The Apple M5 Pro chip is rumored to be announced later this week with improved GPU cores and faster inference. With consumer hardware getting better and better and AI labs squishing down models to fit in tiny amounts of vRAM, it’s becoming increasingly more feasible to have an assistant which has absorbed the entirety of the internet’s knowledge built right into your PC or laptop, all running privately and securely offline. The future is exciting everyone, we are closing the gap
Yeah, that’s never going to happen, I’m afraid. The models do get denser and better at transformative tasks, but you will simply never be able to ask that 22B 4-quant for the birthdates of obscure but historically important Bolivian politicians. That’s simply about information density and that’s not a useful application for models.
It’s going to be irrelevant, of course, once there’s a convenient 1-click way to integrate your local Kiwix-server into your model’s Open-WebUI’s knowledge base. There’s no need to waste VRAM on Wikipedia and Stackoverflow knowledge.

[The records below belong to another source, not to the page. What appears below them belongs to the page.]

text \<open>Each \<open>U \<subset> R\<close> lies in exactly \<open>k - |U|\<close> of the \<open>(k-1)\<close>-subsets of \<open>R\<close>.\<close>

lemma subset_sum_eq_top_layer:
  assumes "finite R" "card R = k" "0 < k"
  shows "subset_sum k h R = (\<Sum>S | S \<subseteq> R \<and> card S = k - 1. \<Sum>U\<in>Pow S. h U / real (k - card U))"
proof -
  let ?c = "\<lambda>U. h U / real (k - card U)"
  have "R \<noteq> {}"
    using assms(2,3) by auto
  then have "{S. S \<subseteq> R \<and> card S = k - 1} = (\<lambda>x. R - {x}) ` R"
    using subsets_card_pred_eq_image[OF assms(1)] assms(2) by simp
  moreover have "inj_on (\<lambda>x. R - {x}) R"
    by (auto intro!: inj_onI)
  ultimately have "(\<Sum>S | S \<subseteq> R \<and> card S = k - 1. \<Sum>U\<in>Pow S. ?c U) = (\<Sum>x\<in>R. \<Sum>U\<in>Pow (R - {x}). ?c U)"
    by (simp add: sum.reindex)
  also have "\<dots> = (\<Sum>x\<in>R. \<Sum>U\<in>Pow R. if x \<notin> U then ?c U else 0)"
  proof (rule sum.cong[OF refl])
    fix x
    have "Pow (R - {x}) = {U \<in> Pow R. x \<notin> U}"
      by auto
    then show "(\<Sum>U\<in>Pow (R - {x}). ?c U) = (\<Sum>U\<in>Pow R. if x \<notin> U then ?c U else 0)"
      using assms(1) by (simp only: sum.inter_filter finite_Pow_iff)
  qed
  also have "\<dots> = (\<Sum>U\<in>Pow R. \<Sum>x\<in>R. if x \<notin> U then ?c U else 0)"
    by (rule sum.swap)
  also have "\<dots> = (\<Sum>U\<in>Pow R. if card U < k then h U else 0)"
  proof (rule sum.cong[OF refl])
    fix U assume U: "U \<in> Pow R"
    have "(\<Sum>x\<in>R. if x \<notin> U then ?c U else 0) = real (card (R - U)) * ?c U"
      using assms(1) by (simp add: sum.If_cases Collect_neg_eq Diff_eq)
    also have "card (R - U) = k - card U"
      using U assms by (simp add: card_Diff_subset finite_subset)
    finally show "(\<Sum>x\<in>R. if x \<notin> U then ?c U else 0) = (if card U < k then h U else 0)"
      by simp
  qed
  also have "\<dots> = subset_sum k h R"
    using assms(1) by (simp add: subset_sum_def sum.inter_filter[symmetric] Pow_def)
  finally show ?thesis ..
qed

lemma top_layer_eq_subset_sum:
  assumes "finite R" "0 < k"
  shows "(\<Sum>S | S \<subseteq> R \<and> card S = k - 1. h S) = subset_sum k (\<lambda>S. if card S = k - 1 then h S else 0) R"
proof -
  have "{S. S \<subseteq> R \<and> card S = k - 1} = {S \<in> {S. S \<subseteq> R \<and> card S < k}. card S = k - 1}"
    using assms(2) by auto
  moreover have "finite {S. S \<subseteq> R \<and> card S < k}"
    using assms(1) by (simp add: finite_subset[of _ "Pow R"])
  ultimately show ?thesis
    unfolding subset_sum_def by (simp only: sum.inter_filter)
qed

definition cubes_vanish :: "'a set \<Rightarrow> nat \<Rightarrow> nat \<Rightarrow> ('a set \<Rightarrow> real) \<Rightarrow> bool" where
  "cubes_vanish V k j f \<longleftrightarrow> (\<forall>xs T. distinct xs \<longrightarrow> length xs = 2 * j \<longrightarrow> set xs \<subseteq> V \<longrightarrow>
     T \<subseteq> V \<longrightarrow> T \<inter> set xs = {} \<longrightarrow> card T + j = k \<longrightarrow> cube_sum f T xs = 0)"

definition degree_lt :: "'a set \<Rightarrow> nat \<Rightarrow> nat \<Rightarrow> ('a set \<Rightarrow> real) \<Rightarrow> bool" where
  "degree_lt V k d f \<longleftrightarrow> (\<exists>h. \<forall>R. R \<subseteq> V \<longrightarrow> card R = k \<longrightarrow> f R = subset_sum d h R)"

lemma cubes_vanishI:
  assumes "\<And>xs T. distinct xs \<Longrightarrow> length xs = 2 * j \<Longrightarrow> set xs \<subseteq> V \<Longrightarrow> T \<subseteq> V \<Longrightarrow>
    T \<inter> set xs = {} \<Longrightarrow> card T + j = k \<Longrightarrow> cube_sum f T xs = 0"
  shows "cubes_vanish V k j f"
  using assms unfolding cubes_vanish_def by blast

lemma cubes_vanishD:
  "cubes_vanish V k j f \<Longrightarrow> distinct xs \<Longrightarrow> length xs = 2 * j \<Longrightarrow> set xs \<subseteq> V \<Longrightarrow> T \<subseteq> V \<Longrightarrow>
    T \<inter> set xs = {} \<Longrightarrow> card T + j = k \<Longrightarrow> cube_sum f T xs = 0"
  unfolding cubes_vanish_def by blast
section \<open>A Klein-type trace inequality\<close>

lemma bernoulli_powr:
  fixes t a :: real
  assumes t: "0 \<le> t" and a: "1 \<le> a"
  shows "1 + a * (t - 1) \<le> t powr a"
proof -
  define h where "h t = t powr a - 1 - a * (t - 1)" for t :: real
  have dh: "(h has_real_derivative a * (x powr (a - 1) - 1)) (at x)" if "0 < x" for x
    unfolding h_def using that by (auto intro!: derivative_eq_intros simp: algebra_simps)
  \<comment> \<open>\<open>h\<close> decreases on \<open>[0, 1]\<close> and increases on \<open>[1, \<infinity>)\<close>, so its minimum is \<open>h 1 = 0\<close>\<close>
  have "h 1 \<le> h t"
  proof (cases "1 \<le> t")
    case True
    show ?thesis
    proof (rule DERIV_nonneg_imp_nondecreasing[OF True])
      fix x :: real assume "1 \<le> x"
      thus "\<exists>y. (h has_real_derivative y) (at x) \<and> 0 \<le> y"
        using dh[of x] a ge_one_powr_ge_zero[of x "a - 1"] by auto
    qed
  next
    case False
    show ?thesis
    proof (cases "t = 0")
      case True thus ?thesis using a by (simp add: h_def)
    next
      case False
      show ?thesis
      proof (rule DERIV_nonpos_imp_nonincreasing[of t 1 h])
        show "t \<le> 1" using \<open>\<not> 1 \<le> t\<close> by simp
        fix x :: real assume "t \<le> x" "x \<le> 1"
        hence "0 < x" "x \<le> 1" using t False by auto
        thus "\<exists>y. (h has_real_derivative y) (at x) \<and> y \<le> 0"
          using dh[of x] a powr_le1[of "a - 1" x] by (auto simp: mult_nonneg_nonpos)
      qed
    qed
  qed
  thus ?thesis by (simp add: h_def)
qed

lemma powr_tangent_le:
  fixes x y a :: real
  assumes x: "0 \<le> x" and y: "0 \<le> y" and a: "1 \<le> a"
  shows "y powr a + a * y powr (a - 1) * (x - y) \<le> x powr a"
proof (cases "y = 0")
  case True thus ?thesis using x by simp
next
  case False
  hence y: "0 < y" using y by simp
  have "y powr a * (1 + a * (x / y - 1)) \<le> y powr a * (x / y) powr a"
    using bernoulli_powr[of "x / y" a] x y a by (intro mult_left_mono) auto
  also have "y powr a * (x / y) powr a = x powr a" using x y by (simp add: powr_divide)
  also have "y powr a * (1 + a * (x / y - 1)) = y powr a + a * (y powr a / y) * (x - y)"
    using y by (simp add: field_simps)
  also have "y powr a / y = y powr (a - 1)" using y by (simp add: powr_diff)
  finally show ?thesis .
qed

lemma doubly_stochastic_tangent_sum_le:
  fixes w :: "nat \<Rightarrow> nat \<Rightarrow> real" and F F' :: "real \<Rightarrow> real"
  assumes nonneg: "\<And>i j. i < n \<Longrightarrow> j < n \<Longrightarrow> 0 \<le> w i j"
    and rows: "\<And>i. i < n \<Longrightarrow> (\<Sum>j<n. w i j) = 1"
    and cols: "\<And>j. j < n \<Longrightarrow> (\<Sum>i<n. w i j) = 1"
    and tangent: "\<And>i j. i < n \<Longrightarrow> j < n \<Longrightarrow> F' (y j) * (x i - y j) \<le> F (x i) - F (y j)"
  shows "(\<Sum>j<n. F' (y j) * ((\<Sum>i<n. w i j * x i) - y j))
         \<le> (\<Sum>i<n. F (x i)) - (\<Sum>j<n. F (y j))"
proof -
  have "F' (y j) * ((\<Sum>i<n. w i j * x i) - y j) = (\<Sum>i<n. w i j * (F' (y j) * (x i - y j)))"
    if j: "j < n" for j
  proof -
    have "(\<Sum>i<n. w i j * (F' (y j) * (x i - y j)))
        = F' (y j) * ((\<Sum>i<n. w i j * x i) - (\<Sum>i<n. w i j) * y j)"
      by (simp add: right_diff_distrib sum_subtractf sum_distrib_left sum_distrib_right mult_ac)
    thus ?thesis using cols[OF j] by simp
  qed
  hence "(\<Sum>j<n. F' (y j) * ((\<Sum>i<n. w i j * x i) - y j))
      = (\<Sum>j<n. \<Sum>i<n. w i j * (F' (y j) * (x i - y j)))"
    by simp
  also have "\<dots> \<le> (\<Sum>j<n. \<Sum>i<n. w i j * (F (x i) - F (y j)))"
    using nonneg tangent by (intro sum_mono mult_left_mono) auto
  also have "\<dots> = (\<Sum>j<n. \<Sum>i<n. w i j * F (x i)) - (\<Sum>j<n. (\<Sum>i<n. w i j) * F (y j))"
    by (simp add: right_diff_distrib sum_subtractf sum_distrib_right)
  also have "(\<Sum>j<n. \<Sum>i<n. w i j * F (x i)) = (\<Sum>i<n. (\<Sum>j<n. w i j) * F (x i))"
    by (subst sum.swap) (simp add: sum_distrib_right)
  finally show ?thesis using rows cols by simp
qed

Kiwix and privacy-respecting metasearch integration will be useful for this
Page Assist already can let ollama models search the internet with SearXNG. But even though it often finds what I’m asking for, it’s still lacking. It’s just a one-shot search and it wouldn’t try a different search query if it doesn’t return any helpful messages
Totally agreed. LLMs shouldn’t be asked to know things, it’s counterproductive. They should be asked to DO things, and use available tools to do that.